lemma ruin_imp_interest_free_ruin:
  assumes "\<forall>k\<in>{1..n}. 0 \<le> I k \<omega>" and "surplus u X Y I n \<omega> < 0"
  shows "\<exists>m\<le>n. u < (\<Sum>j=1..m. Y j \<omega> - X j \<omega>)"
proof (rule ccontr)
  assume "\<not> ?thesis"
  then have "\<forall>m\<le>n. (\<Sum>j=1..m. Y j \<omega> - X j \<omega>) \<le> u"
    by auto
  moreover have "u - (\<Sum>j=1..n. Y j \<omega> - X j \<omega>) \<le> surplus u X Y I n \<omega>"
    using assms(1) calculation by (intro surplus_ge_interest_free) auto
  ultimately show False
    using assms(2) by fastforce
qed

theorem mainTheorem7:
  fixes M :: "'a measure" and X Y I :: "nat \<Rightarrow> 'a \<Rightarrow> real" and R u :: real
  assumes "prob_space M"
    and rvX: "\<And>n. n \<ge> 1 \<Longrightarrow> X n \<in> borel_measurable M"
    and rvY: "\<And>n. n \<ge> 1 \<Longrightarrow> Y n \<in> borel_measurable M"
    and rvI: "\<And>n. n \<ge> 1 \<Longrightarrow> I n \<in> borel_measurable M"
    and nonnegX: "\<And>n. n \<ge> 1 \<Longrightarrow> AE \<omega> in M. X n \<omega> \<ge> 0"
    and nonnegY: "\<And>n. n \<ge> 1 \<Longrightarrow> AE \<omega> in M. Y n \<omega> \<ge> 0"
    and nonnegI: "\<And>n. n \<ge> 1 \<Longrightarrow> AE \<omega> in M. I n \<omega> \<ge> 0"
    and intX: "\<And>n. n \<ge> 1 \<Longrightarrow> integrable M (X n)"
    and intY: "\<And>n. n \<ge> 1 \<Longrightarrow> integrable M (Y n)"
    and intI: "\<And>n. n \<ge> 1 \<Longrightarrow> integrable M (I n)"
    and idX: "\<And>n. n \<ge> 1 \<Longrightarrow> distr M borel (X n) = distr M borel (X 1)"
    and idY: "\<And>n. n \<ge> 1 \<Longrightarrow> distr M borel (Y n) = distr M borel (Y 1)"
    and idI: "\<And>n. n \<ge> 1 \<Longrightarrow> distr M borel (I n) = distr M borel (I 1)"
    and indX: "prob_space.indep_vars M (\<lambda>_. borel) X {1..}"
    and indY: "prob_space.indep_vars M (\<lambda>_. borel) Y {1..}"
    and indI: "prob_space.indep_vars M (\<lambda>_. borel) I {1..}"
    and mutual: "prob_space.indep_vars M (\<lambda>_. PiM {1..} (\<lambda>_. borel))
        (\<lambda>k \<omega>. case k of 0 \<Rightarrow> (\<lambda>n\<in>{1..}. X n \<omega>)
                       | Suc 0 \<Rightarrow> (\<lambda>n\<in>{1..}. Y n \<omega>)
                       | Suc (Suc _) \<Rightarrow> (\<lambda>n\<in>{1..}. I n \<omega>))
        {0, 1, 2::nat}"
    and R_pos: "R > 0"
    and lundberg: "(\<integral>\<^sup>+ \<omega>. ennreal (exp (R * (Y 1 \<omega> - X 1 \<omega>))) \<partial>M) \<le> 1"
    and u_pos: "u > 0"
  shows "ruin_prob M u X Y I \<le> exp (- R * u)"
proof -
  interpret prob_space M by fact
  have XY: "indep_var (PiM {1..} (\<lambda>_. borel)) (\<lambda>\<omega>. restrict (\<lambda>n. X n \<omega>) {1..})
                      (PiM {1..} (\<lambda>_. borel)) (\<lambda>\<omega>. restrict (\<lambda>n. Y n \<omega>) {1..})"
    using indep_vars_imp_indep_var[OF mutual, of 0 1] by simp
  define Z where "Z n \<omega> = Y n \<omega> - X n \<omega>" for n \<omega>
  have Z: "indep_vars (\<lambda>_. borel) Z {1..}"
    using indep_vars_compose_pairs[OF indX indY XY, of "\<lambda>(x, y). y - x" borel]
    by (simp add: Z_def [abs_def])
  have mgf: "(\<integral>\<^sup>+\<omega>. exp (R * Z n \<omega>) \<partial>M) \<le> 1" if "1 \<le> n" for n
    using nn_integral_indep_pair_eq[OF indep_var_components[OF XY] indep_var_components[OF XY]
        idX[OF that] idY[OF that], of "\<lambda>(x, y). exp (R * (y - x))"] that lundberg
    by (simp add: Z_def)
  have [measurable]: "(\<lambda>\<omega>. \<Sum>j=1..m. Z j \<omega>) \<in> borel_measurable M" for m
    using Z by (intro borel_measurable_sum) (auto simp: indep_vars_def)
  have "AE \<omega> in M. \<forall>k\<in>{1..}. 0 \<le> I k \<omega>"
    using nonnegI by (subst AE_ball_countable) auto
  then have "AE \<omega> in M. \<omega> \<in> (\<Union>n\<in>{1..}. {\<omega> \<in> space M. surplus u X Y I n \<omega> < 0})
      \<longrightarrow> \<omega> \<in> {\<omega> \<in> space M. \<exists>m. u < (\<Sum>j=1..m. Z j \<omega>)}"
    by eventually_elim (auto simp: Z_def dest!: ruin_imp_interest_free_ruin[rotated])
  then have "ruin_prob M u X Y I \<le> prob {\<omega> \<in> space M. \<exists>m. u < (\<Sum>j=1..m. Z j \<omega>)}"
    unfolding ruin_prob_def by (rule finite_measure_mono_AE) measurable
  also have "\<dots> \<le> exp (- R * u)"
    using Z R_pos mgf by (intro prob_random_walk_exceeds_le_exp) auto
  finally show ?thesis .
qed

...

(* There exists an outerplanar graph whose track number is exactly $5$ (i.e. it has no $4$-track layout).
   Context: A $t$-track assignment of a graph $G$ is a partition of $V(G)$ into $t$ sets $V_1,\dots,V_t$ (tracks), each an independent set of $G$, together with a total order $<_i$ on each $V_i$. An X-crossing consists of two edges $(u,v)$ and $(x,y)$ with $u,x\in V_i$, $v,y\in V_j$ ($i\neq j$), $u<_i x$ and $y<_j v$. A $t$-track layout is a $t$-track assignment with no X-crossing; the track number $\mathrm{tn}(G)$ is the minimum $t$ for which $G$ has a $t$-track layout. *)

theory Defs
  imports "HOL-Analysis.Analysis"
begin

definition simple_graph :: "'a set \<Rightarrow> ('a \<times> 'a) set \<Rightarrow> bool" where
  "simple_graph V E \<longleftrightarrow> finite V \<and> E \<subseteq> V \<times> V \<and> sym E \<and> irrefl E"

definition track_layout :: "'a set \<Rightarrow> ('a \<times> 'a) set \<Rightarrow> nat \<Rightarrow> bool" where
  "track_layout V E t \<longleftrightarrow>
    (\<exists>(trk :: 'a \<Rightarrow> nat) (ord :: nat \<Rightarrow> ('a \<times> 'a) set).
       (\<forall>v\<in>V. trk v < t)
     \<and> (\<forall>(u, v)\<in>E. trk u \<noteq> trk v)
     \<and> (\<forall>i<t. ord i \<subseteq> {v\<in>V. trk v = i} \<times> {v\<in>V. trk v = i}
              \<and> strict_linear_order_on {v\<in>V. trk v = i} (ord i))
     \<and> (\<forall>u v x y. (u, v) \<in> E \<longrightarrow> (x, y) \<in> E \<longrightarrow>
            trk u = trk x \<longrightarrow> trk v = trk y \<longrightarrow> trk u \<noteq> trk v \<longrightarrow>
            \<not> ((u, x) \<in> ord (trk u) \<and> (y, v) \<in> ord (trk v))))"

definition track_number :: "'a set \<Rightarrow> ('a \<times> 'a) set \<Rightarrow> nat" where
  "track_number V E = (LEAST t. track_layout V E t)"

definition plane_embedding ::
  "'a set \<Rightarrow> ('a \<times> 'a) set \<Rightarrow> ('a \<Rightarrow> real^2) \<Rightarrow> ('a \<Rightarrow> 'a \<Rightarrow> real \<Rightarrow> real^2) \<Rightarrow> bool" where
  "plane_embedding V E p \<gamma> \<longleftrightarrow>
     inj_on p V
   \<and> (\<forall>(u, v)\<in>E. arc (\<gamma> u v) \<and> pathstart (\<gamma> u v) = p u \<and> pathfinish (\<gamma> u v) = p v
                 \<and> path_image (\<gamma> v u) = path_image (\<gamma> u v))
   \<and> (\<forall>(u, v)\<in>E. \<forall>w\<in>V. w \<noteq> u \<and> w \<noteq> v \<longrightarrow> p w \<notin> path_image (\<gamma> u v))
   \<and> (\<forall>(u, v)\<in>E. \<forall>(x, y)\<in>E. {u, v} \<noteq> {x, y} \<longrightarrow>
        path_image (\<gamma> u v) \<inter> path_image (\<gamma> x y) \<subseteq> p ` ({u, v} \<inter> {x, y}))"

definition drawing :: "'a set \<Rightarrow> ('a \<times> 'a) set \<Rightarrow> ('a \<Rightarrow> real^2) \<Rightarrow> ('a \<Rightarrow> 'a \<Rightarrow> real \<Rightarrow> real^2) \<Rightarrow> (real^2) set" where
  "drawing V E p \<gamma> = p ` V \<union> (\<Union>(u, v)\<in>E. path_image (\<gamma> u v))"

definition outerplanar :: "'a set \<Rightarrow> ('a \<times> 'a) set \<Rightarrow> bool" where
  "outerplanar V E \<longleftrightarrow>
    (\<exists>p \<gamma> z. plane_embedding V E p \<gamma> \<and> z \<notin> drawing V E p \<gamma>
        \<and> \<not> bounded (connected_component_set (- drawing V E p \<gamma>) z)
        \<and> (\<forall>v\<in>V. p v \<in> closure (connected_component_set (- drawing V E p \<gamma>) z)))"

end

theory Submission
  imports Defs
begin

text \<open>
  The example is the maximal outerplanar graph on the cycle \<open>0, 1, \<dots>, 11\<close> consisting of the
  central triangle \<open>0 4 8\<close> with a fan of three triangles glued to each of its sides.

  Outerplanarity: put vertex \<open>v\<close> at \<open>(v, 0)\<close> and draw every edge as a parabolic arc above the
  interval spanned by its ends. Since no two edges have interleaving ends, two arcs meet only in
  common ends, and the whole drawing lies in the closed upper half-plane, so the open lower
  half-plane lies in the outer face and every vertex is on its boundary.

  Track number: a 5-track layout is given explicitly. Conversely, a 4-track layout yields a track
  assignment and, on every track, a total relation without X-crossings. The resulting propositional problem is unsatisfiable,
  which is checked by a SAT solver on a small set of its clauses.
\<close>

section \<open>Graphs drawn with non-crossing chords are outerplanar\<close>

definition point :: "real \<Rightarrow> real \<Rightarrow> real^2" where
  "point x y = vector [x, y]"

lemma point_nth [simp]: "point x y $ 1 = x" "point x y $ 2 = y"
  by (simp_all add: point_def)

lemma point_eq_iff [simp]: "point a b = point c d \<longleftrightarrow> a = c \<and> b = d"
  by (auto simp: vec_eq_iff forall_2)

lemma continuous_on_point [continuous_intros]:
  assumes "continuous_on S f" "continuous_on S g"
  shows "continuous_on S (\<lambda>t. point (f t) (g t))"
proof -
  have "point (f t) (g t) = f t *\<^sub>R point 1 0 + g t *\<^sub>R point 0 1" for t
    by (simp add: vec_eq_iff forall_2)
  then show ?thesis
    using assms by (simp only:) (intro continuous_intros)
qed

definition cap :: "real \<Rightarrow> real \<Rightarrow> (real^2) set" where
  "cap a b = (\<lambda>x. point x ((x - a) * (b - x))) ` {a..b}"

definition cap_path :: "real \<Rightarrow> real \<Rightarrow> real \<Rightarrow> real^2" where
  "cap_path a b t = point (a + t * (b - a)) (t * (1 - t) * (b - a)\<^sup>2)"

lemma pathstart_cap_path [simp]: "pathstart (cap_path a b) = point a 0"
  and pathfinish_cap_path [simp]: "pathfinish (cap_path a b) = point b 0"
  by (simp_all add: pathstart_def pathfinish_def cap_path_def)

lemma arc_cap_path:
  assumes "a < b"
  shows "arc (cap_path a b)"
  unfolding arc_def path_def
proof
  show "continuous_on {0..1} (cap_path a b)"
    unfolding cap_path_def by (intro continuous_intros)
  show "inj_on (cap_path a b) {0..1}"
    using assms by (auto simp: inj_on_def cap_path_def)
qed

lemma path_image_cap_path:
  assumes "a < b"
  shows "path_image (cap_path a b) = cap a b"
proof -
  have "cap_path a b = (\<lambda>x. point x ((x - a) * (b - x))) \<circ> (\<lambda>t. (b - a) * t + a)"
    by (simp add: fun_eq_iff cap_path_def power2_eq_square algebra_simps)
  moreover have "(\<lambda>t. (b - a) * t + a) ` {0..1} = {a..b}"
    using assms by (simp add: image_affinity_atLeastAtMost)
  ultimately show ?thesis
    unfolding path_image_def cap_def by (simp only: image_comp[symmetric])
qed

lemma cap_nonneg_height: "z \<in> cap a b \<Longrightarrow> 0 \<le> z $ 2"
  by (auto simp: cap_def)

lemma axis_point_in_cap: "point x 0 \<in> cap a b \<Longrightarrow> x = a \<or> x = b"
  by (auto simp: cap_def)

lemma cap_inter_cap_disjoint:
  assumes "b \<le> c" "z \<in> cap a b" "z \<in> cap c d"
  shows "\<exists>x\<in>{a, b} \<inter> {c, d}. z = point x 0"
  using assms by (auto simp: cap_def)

- _PROBLEM TO SOLVE_
All that belongs in the answer is the run of lines above from the line containing "define Z where" through the line containing "using Z by (intro", exactly as written.

- _ANSWER BOX_
  define Z where "Z n \<omega> = Y n \<omega> - X n \<omega>" for n \<omega>
  have Z: "indep_vars (\<lambda>_. borel) Z {1..}"
    using indep_vars_compose_pairs[OF indX indY XY, of "\<lambda>(x, y). y - x" borel]
    by (simp add: Z_def [abs_def])
  have mgf: "(\<integral>\<^sup>+\<omega>. exp (R * Z n \<omega>) \<partial>M) \<le> 1" if "1 \<le> n" for n
    using nn_integral_indep_pair_eq[OF indep_var_components[OF XY] indep_var_components[OF XY]
        idX[OF that] idY[OF that], of "\<lambda>(x, y). exp (R * (y - x))"] that lundberg
    by (simp add: Z_def)
  have [measurable]: "(\<lambda>\<omega>. \<Sum>j=1..m. Z j \<omega>) \<in> borel_measurable M" for m
    using Z by (intro borel_measurable_sum) (auto simp: indep_vars_def)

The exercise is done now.